British Government Announces Plans to Control Bird Immigration

In a public statement to the House of Commons, the newly-appointed anti-Bird-Flu supremo, Mr. Guy Dog, has said that Britain will prevent the entry of birds with H5-N1 “bird flu” to England, Scotland, Wales, and Northern Ireland. Recognising the extreme concerns of the British public, and the headless-chicken screaming panic of the tabloid editors, new immigration controls will come into effect soon and should remain in force until further notice, or until the media gets bored with covering such a juicy panic-fest story.

Firstly, all birds arriving in Britain will have to land first at an authorised pond which has been checked and declared clean of infection. Secondly, all birds will be required to walk, hop, or splash through a shallow foot-bath of disinfectant. The next step, which is the key to the plan, is based on the European proposal for “animal vaccination passports”. All birds must show an up to date passport with a current visa before being allowed to leave the pond and travel on to inland destinations. There will be fast-track channel for birds who can prove they are British varieties.

Complying with American requests, they must have full personal details in electronic form, and a recent colour photo. Birds with hoods (such as hunting hawks) will have to take them off before being photographed. This has waived in the case of female birds from Saudi Arabia on religious grounds. The passports will be reasonably priced at around $500.

The minister claimed that these rules will prevent any illegal entry by birds, although provisions for arrivals from foreign countries to claim asylum have been attacked by Tory opposition leader, David Cameron, on the grounds that many leading members of his party have been described as “hawks”, and might be excluded when they return from overseas visits.

In late breaking-news, it has been revealed that the minister, Mr. G. Dog is in fact disgraced former minister David Blunkett’s guide dog. Sources close to Mr. Dog say that whilst Mr. Blunkett has not yet been politically rehabilitated, Mr. Dog is politically clean, and won the position on his own merits. This is despite allegations that Mr. Dog has already been accused of attempting to fast-track a visa application for his vet’s parrot, Edna.

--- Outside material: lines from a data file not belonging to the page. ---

(* Let $n\geq 1$. The assignment $\rho_i\mapsto\sigma_1\sigma_2\cdots\sigma_i$ ($1\leq i\leq n$) extends to a surjective group homomorphism from the group $\langle \rho_1,\dots,\rho_n\mid \rho_1\rho_n\rho_i=\rho_{i+1}\rho_n,\ 1\leq i\leq n-1\rangle$ (isomorphic to $G(n,n+1)$) onto the braid group $\mathcal{B}_{n+1}$.
   Context: $\mathcal{B}_{n+1}$ is the braid group with generators $\sigma_1,\dots,\sigma_n$ and relations $\sigma_i\sigma_{i+1}\sigma_i=\sigma_{i+1}\sigma_i\sigma_{i+1}$ for $1\leq i<n$ and $\sigma_i\sigma_j=\sigma_j\sigma_i$ for $|i-j|>1$. *)

theory Defs
  imports "HOL-Algebra.Group"
begin

text \<open>A word over an alphabet S is a list of letters (a, b) with a in S; b = True
marks the formal inverse of the generator a.\<close>

type_synonym 'a word = "('a \<times> bool) list"

definition words :: "'a set \<Rightarrow> 'a word set" where
  "words S = {w. set (map fst w) \<subseteq> S}"

definition inv_word :: "'a word \<Rightarrow> 'a word" where
  "inv_word w = rev (map (\<lambda>(a, b). (a, \<not> b)) w)"

inductive pres_eq :: "'a set \<Rightarrow> 'a word set \<Rightarrow> 'a word \<Rightarrow> 'a word \<Rightarrow> bool"
  for S :: "'a set" and R :: "'a word set" where
  refl: "w \<in> words S \<Longrightarrow> pres_eq S R w w"
| sym: "pres_eq S R u v \<Longrightarrow> pres_eq S R v u"
| trans: "pres_eq S R u v \<Longrightarrow> pres_eq S R v w \<Longrightarrow> pres_eq S R u w"
| cancel: "u \<in> words S \<Longrightarrow> v \<in> words S \<Longrightarrow> a \<in> S \<Longrightarrow>
           pres_eq S R (u @ [(a, b), (a, \<not> b)] @ v) (u @ v)"
| relator: "u \<in> words S \<Longrightarrow> v \<in> words S \<Longrightarrow> r \<in> R \<Longrightarrow> r \<in> words S \<Longrightarrow>
           pres_eq S R (u @ r @ v) (u @ v)"

definition pres_rel :: "'a set \<Rightarrow> 'a word set \<Rightarrow> ('a word \<times> 'a word) set" where
  "pres_rel S R = {(u, v). pres_eq S R u v}"

definition presented_group :: "'a set \<Rightarrow> 'a word set \<Rightarrow> 'a word set monoid" where
  "presented_group S R =
     \<lparr> carrier = words S // pres_rel S R,
       mult = (\<lambda>A B. \<Union>u\<in>A. \<Union>v\<in>B. pres_rel S R `` {u @ v}),
       one = pres_rel S R `` {[]} \<rparr>"

definition pres_class :: "'a set \<Rightarrow> 'a word set \<Rightarrow> 'a word \<Rightarrow> 'a word set" where
  "pres_class S R w = pres_rel S R `` {w}"

definition gen :: "'a \<Rightarrow> 'a word" where
  "gen a = [(a, False)]"

definition G_relators :: "nat \<Rightarrow> nat word set" where
  "G_relators n = {gen 1 @ gen n @ gen i @ inv_word (gen (i+1) @ gen n) | i. 1 \<le> i \<and> i \<le> n - 1}"

text \<open>Relators of the braid group \<open>B_{n+1}\<close> on generators \<open>\<sigma>_1,\<dots>,\<sigma>_n\<close>.\<close>

definition braid_relators :: "nat \<Rightarrow> nat word set" where
  "braid_relators n =
     {gen i @ gen (i+1) @ gen i @ inv_word (gen (i+1) @ gen i @ gen (i+1)) | i. 1 \<le> i \<and> i < n}
   \<union> {gen i @ gen j @ inv_word (gen j @ gen i) | i j. i \<in> {1..n} \<and> j \<in> {1..n}
         \<and> (i + 1 < j \<or> j + 1 < i)}"

definition G_group :: "nat \<Rightarrow> nat word set monoid" where
  "G_group n = presented_group {1..n} (G_relators n)"

definition braid_group :: "nat \<Rightarrow> nat word set monoid" where
  "braid_group n = presented_group {1..n} (braid_relators n)"

definition sigma_prefix :: "nat \<Rightarrow> nat word" where
  "sigma_prefix i = concat (map gen [1..<i+1])"

end

theory Submission
  imports Defs
begin

text \<open>Substituting \<open>\<sigma>\<^sub>1\<cdots>\<sigma>\<^sub>i\<close> for \<open>\<rho>\<^sub>i\<close> defines a map on words; it descends to the presented
groups once every relator is sent to a word trivial in \<open>B\<^sub>n\<^sub>+\<^sub>1\<close>. With \<open>\<Delta> = \<sigma>\<^sub>1\<cdots>\<sigma>\<^sub>n\<close>
one braid relation and a run of far commutations give \<open>\<Delta>\<sigma>\<^sub>j = \<sigma>\<^sub>j\<^sub>+\<^sub>1\<Delta>\<close> for \<open>j < n\<close>, hence
\<open>\<Delta>\<sigma>\<^sub>1\<cdots>\<sigma>\<^sub>i = \<sigma>\<^sub>2\<cdots>\<sigma>\<^sub>i\<^sub>+\<^sub>1\<Delta>\<close>, and left multiplication by \<open>\<sigma>\<^sub>1\<close> is exactly the image of the
relation \<open>\<rho>\<^sub>1\<rho>\<^sub>n\<rho>\<^sub>i = \<rho>\<^sub>i\<^sub>+\<^sub>1\<rho>\<^sub>n\<close>. The map is onto because \<open>\<sigma>\<^sub>1\<close> is the image of \<open>\<rho>\<^sub>1\<close> and
\<open>\<sigma>\<^sub>a\<close> the image of \<open>\<rho>\<^sub>a\<^sub>-\<^sub>1\<^sup>-\<^sup>1\<rho>\<^sub>a\<close>.\<close>

lemma words_append [simp]: "u @ v \<in> words S \<longleftrightarrow> u \<in> words S \<and> v \<in> words S"
  by (auto simp: words_def)

lemma words_Cons [simp]: "x # v \<in> words S \<longleftrightarrow> fst x \<in> S \<and> v \<in> words S"
  by (auto simp: words_def)

lemma words_Nil [simp]: "[] \<in> words S"
  by (auto simp: words_def)

lemma gen_in_words [simp]: "gen a \<in> words S \<longleftrightarrow> a \<in> S"
  by (simp add: gen_def)

lemma inv_word_Nil [simp]: "inv_word [] = []"
  by (simp add: inv_word_def)

lemma inv_word_append [simp]: "inv_word (u @ v) = inv_word v @ inv_word u"
  by (simp add: inv_word_def)

lemma inv_word_Cons [simp]: "inv_word ((a, b) # w) = inv_word w @ [(a, \<not> b)]"
  by (simp add: inv_word_def)

lemma inv_word_inv_word [simp]: "inv_word (inv_word w) = w"
  by (induction w) (auto simp: inv_word_def)

lemma inv_word_in_words [simp]: "inv_word w \<in> words S \<longleftrightarrow> w \<in> words S"
  by (induction w) auto

declare pres_eq.trans [trans]

lemma pres_eq_in_words: "pres_eq S R u v \<Longrightarrow> u \<in> words S \<and> v \<in> words S"
  by (induction rule: pres_eq.induct) auto

lemma pres_eq_append_context:
  "pres_eq S R u v \<Longrightarrow> x \<in> words S \<Longrightarrow> y \<in> words S \<Longrightarrow> pres_eq S R (x @ u @ y) (x @ v @ y)"
proof (induction rule: pres_eq.induct)
  case (refl w)
  then show ?case by (intro pres_eq.refl) simp
next
  case (sym u v)
  then show ?case by (blast intro: pres_eq.sym)
next
  case (trans u v w)
  then show ?case by (blast intro: pres_eq.trans)
next
  case (cancel u v a b)
  have "pres_eq S R ((x @ u) @ [(a, b), (a, \<not> b)] @ (v @ y)) ((x @ u) @ (v @ y))"
    by (rule pres_eq.cancel) (use cancel in auto)
  then show ?case by simp
next
  case (relator u v r)
  have "pres_eq S R ((x @ u) @ r @ (v @ y)) ((x @ u) @ (v @ y))"
    by (rule pres_eq.relator) (use relator in auto)
  then show ?case by simp
qed

lemma pres_eq_append:
  assumes "pres_eq S R u u'" and "pres_eq S R v v'"
  shows "pres_eq S R (u @ v) (u' @ v')"
proof -
  have "pres_eq S R ([] @ u @ v) ([] @ u' @ v)"
    by (rule pres_eq_append_context[OF assms(1)]) (use pres_eq_in_words[OF assms(2)] in auto)
  moreover have "pres_eq S R (u' @ v @ []) (u' @ v' @ [])"
    by (rule pres_eq_append_context[OF assms(2)]) (use pres_eq_in_words[OF assms(1)] in auto)
  ultimately show ?thesis by (auto intro: pres_eq.trans)
qed

lemma pres_eq_append_inv_word_right: "w \<in> words S \<Longrightarrow> pres_eq S R (w @ inv_word w) []"
proof (induction w)
  case Nil
  then show ?case by (auto intro: pres_eq.refl)
next
  case (Cons p w)
  obtain a b where p: "p = (a, b)" by (cases p)
  have "pres_eq S R ([(a, b)] @ (w @ inv_word w) @ [(a, \<not> b)]) ([(a, b)] @ [] @ [(a, \<not> b)])"
    by (rule pres_eq_append_context) (use Cons p in auto)
  moreover have "pres_eq S R ([] @ [(a, b), (a, \<not> b)] @ []) ([] @ [])"
    by (rule pres_eq.cancel) (use Cons p in auto)
  ultimately show ?case
    unfolding p by (auto intro: pres_eq.trans)
qed

lemma pres_eq_append_inv_word_left: "w \<in> words S \<Longrightarrow> pres_eq S R (inv_word w @ w) []"
  using pres_eq_append_inv_word_right[of "inv_word w" S R] by simp

lemma pres_eq_relator:
  assumes "x @ inv_word y \<in> R" and "x \<in> words S" and "y \<in> words S"
  shows "pres_eq S R x y"
proof -
  have "pres_eq S R ([] @ (x @ inv_word y) @ y) ([] @ y)"
    by (rule pres_eq.relator) (use assms in auto)
  moreover have "pres_eq S R (x @ (inv_word y @ y) @ []) (x @ [] @ [])"
    by (rule pres_eq_append_context[OF pres_eq_append_inv_word_left]) (use assms in auto)
  ultimately show ?thesis
    by (auto intro: pres_eq.trans pres_eq.sym)
qed

lemma pres_eq_append_inv_word_Nil:
  assumes "pres_eq S R x y"
  shows "pres_eq S R (x @ inv_word y) []"
proof -
  have y: "y \<in> words S" using pres_eq_in_words[OF assms] by simp
  have "pres_eq S R (x @ inv_word y) (y @ inv_word y)"
    by (rule pres_eq_append[OF assms pres_eq.refl]) (use y in simp)
  then show ?thesis
    using pres_eq_append_inv_word_right[OF y] by (rule pres_eq.trans)
qed

lemma pres_eq_inv_word:
  assumes "pres_eq S R u v"
  shows "pres_eq S R (inv_word u) (inv_word v)"
proof -
  have u: "u \<in> words S" and v: "v \<in> words S" using pres_eq_in_words[OF assms] by auto
  have "pres_eq S R (inv_word u @ (v @ inv_word v) @ []) (inv_word u @ [] @ [])"
    by (rule pres_eq_append_context[OF pres_eq_append_inv_word_right]) (use u v in auto)
  moreover have "pres_eq S R ([] @ (inv_word u @ v) @ inv_word v) ([] @ (inv_word u @ u) @ inv_word v)"
    by (rule pres_eq_append_context[OF pres_eq_append[OF pres_eq.refl pres_eq.sym[OF assms]]])
       (use u v in auto)
  moreover have "pres_eq S R ([] @ (inv_word u @ u) @ inv_word v) ([] @ [] @ inv_word v)"
    by (rule pres_eq_append_context[OF pres_eq_append_inv_word_left]) (use u v in auto)
  ultimately show ?thesis
    by simp (meson pres_eq.sym pres_eq.trans)
qed

lemma pres_class_eq: "pres_class S R w = {v. pres_eq S R w v}"
  by (auto simp: pres_class_def pres_rel_def)

lemma pres_class_eqI: "pres_eq S R u v \<Longrightarrow> pres_class S R u = pres_class S R v"
  unfolding pres_class_eq by (blast intro: pres_eq.trans pres_eq.sym)

lemma carrier_presented_group:
  "carrier (presented_group S R) = pres_class S R ` words S"
  by (auto simp: presented_group_def quotient_def pres_class_def)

Another scandal surrounds a claim that a sickly American hunting bird had been admitted to Britain, but Mr. Dog denied that he was an ill eagle immigrant. Labour officials have been quick to deny what they call cheep propaganda against Mr. Dog simply because he was new in the job. Government whips stated that “Mr. Dog might be look like an old dog, but he is still capable of learning new tricks”.

“an ill eagle immigrant…” Pure genius!

I’m hoping the bird flu will be contained to a small area, say, Central London and its pigeon population.

How come that when we got BSE in our cattle France immediately banned all imports at the first reported case.

France has now confirmed several positive cases of hn51 whatever it’s called, in turkeys that will end up on our dinner plates. So what is the ineffective debating society we call government going to do?

Absolutely nothing as always, I’ll bet.

Isn’t it comforting to know this countries interests are being protected by the great tony blair.

PMSL

nice one Matt, knew I could count on ya!